2017 ASUN Conference baseball tournament
- Teams: 6
- Format: Double-elimination
- Finals site: Melching Field at Conrad Park; DeLand, Florida;
- Champions: Florida Gulf Coast (1st title)
- Winning coach: Dave Tollett (1st title)
- MVP: Marc Coffers (=Florida Gulf Coast)

= 2017 ASUN Conference baseball tournament =

American college baseball tournament

The 2017 ASUN Conference baseball tournament was held at Melching Field at Conrad Park on the campus of Stetson University in DeLand, Florida, from May 24 through 27. Third seeded won their first championship and claimed the ASUN Conference's automatic bid to the 2017 NCAA Division I baseball tournament.

This was the conference's first baseball tournament held under its current "ASUN" brand name, which was adopted at the start of the 2016–17 school year.

==Format and seeding==
The 2017 tournament was a double-elimination tournament in which the top six conference members participated.
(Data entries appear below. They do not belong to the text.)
lemma LM_AMw_bounds:
  fixes a b v :: real
  assumes "0 \<le> v" "v \<le> 1" "0 < a" "0 < b"
  shows "LM a b \<le> LM (AMw v a b) (AMw (1 - v) a b) \<and> LM (AMw v a b) (AMw (1 - v) a b) \<le> AM a b"
proof -
  define p d where "p = (a + b) / 2" and "d = (a - b) / 2"
  have ab: "a = p + d" "b = p - d" "AM a b = p"
    by (simp_all add: p_def d_def AM_def field_simps)
  have AMw: "AMw v a b = p + (1 - 2 * v) * d" "AMw (1 - v) a b = p - (1 - 2 * v) * d"
    by (simp_all add: AMw_def p_def d_def field_simps)
  have "\<bar>(1 - 2 * v) * d\<bar> \<le> \<bar>d\<bar>" "\<bar>d\<bar> < p"
    using assms by (auto simp: abs_mult p_def d_def abs_le_iff mult_left_le_one_le)
  then have "LM (p + \<bar>d\<bar>) (p - \<bar>d\<bar>) \<le> LM (p + \<bar>(1 - 2 * v) * d\<bar>) (p - \<bar>(1 - 2 * v) * d\<bar>)"
       and "LM (p + \<bar>(1 - 2 * v) * d\<bar>) (p - \<bar>(1 - 2 * v) * d\<bar>) \<le> LM (p + 0) (p - 0)"
    by (intro LM_centered_antimono; simp)+
  moreover have "LM a b = LM (p + \<bar>d\<bar>) (p - \<bar>d\<bar>)"
    unfolding ab by (rule LM_centered_abs)
  moreover have "LM (AMw v a b) (AMw (1 - v) a b) = LM (p + \<bar>(1 - 2 * v) * d\<bar>) (p - \<bar>(1 - 2 * v) * d\<bar>)"
    unfolding AMw by (rule LM_centered_abs)
  moreover have "LM (p + 0) (p - 0) = AM a b"
    using ab(3) by (simp add: LM_def)
  ultimately show ?thesis
    by simp
qed

theorem theorem2p10:
  fixes v a b :: real
  assumes "0 \<le> v" "v \<le> 1" "a > 0" "b > 0"
  shows "LM a b \<le> AM (LMw v a b) (LMw (1 - v) a b)
       \<and> AM (LMw v a b) (LMw (1 - v) a b) \<le> AM a b
       \<and> LM a b \<le> LM (AMw v a b) (AMw (1 - v) a b)
       \<and> LM (AMw v a b) (AMw (1 - v) a b) \<le> AM a b"
  using AM_LMw_bounds[OF assms] LM_AMw_bounds[OF assms] by blast

end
Seeds were determined based on conference winning percentage from the round-robin regular season.

| Team | W | L | Pct | GB | Seed |
|---|---|---|---|---|---|
| Jacksonville | 16 | 5 | .762 | — | 1 |
| Stetson | 15 | 6 | .714 | 1 | 2 |
| Florida Gulf Coast | 13 | 8 | .619 | 3 | 3 |
| North Florida | 12 | 9 | .571 | 4 | 4 |
| Kennesaw State | 10 | 11 | .476 | 6 | 5 |
| Lipscomb | 9 | 12 | .429 | 7 | 6 |
| USC Upstate | 7 | 14 | .333 | 9 | — |
| NJIT | 2 | 19 | .095 | 14 | — |

==All-Tournament Team==
The following players were named to the All-Tournament Team.

| Pos | Name | School |
| P | Chris Gau | Jacksonville |
|  | Kutter Crawford | Florida Gulf Coast |
| C | Mike Cassala | Jacksonville |
| IF | Austin Upshaw | Kennesaw State |
| Grant Williams | Kennesaw State |
| Scott Dubrule | Jacksonville |
| Nick Rivera | FGCU |
| OF | Marc Coffers | Florida Gulf Coast |
| Michael Gigliotti | Lipscomb |
| Chris Lehane | Jacksonville |
| UTIL | Kenton Hering | Florida Gulf Coast |

===Most Valuable PLayer===
Marc Coffers was named Tournament Most Valuable Player. Coffers was an outfielder for Florida Gulf Coast.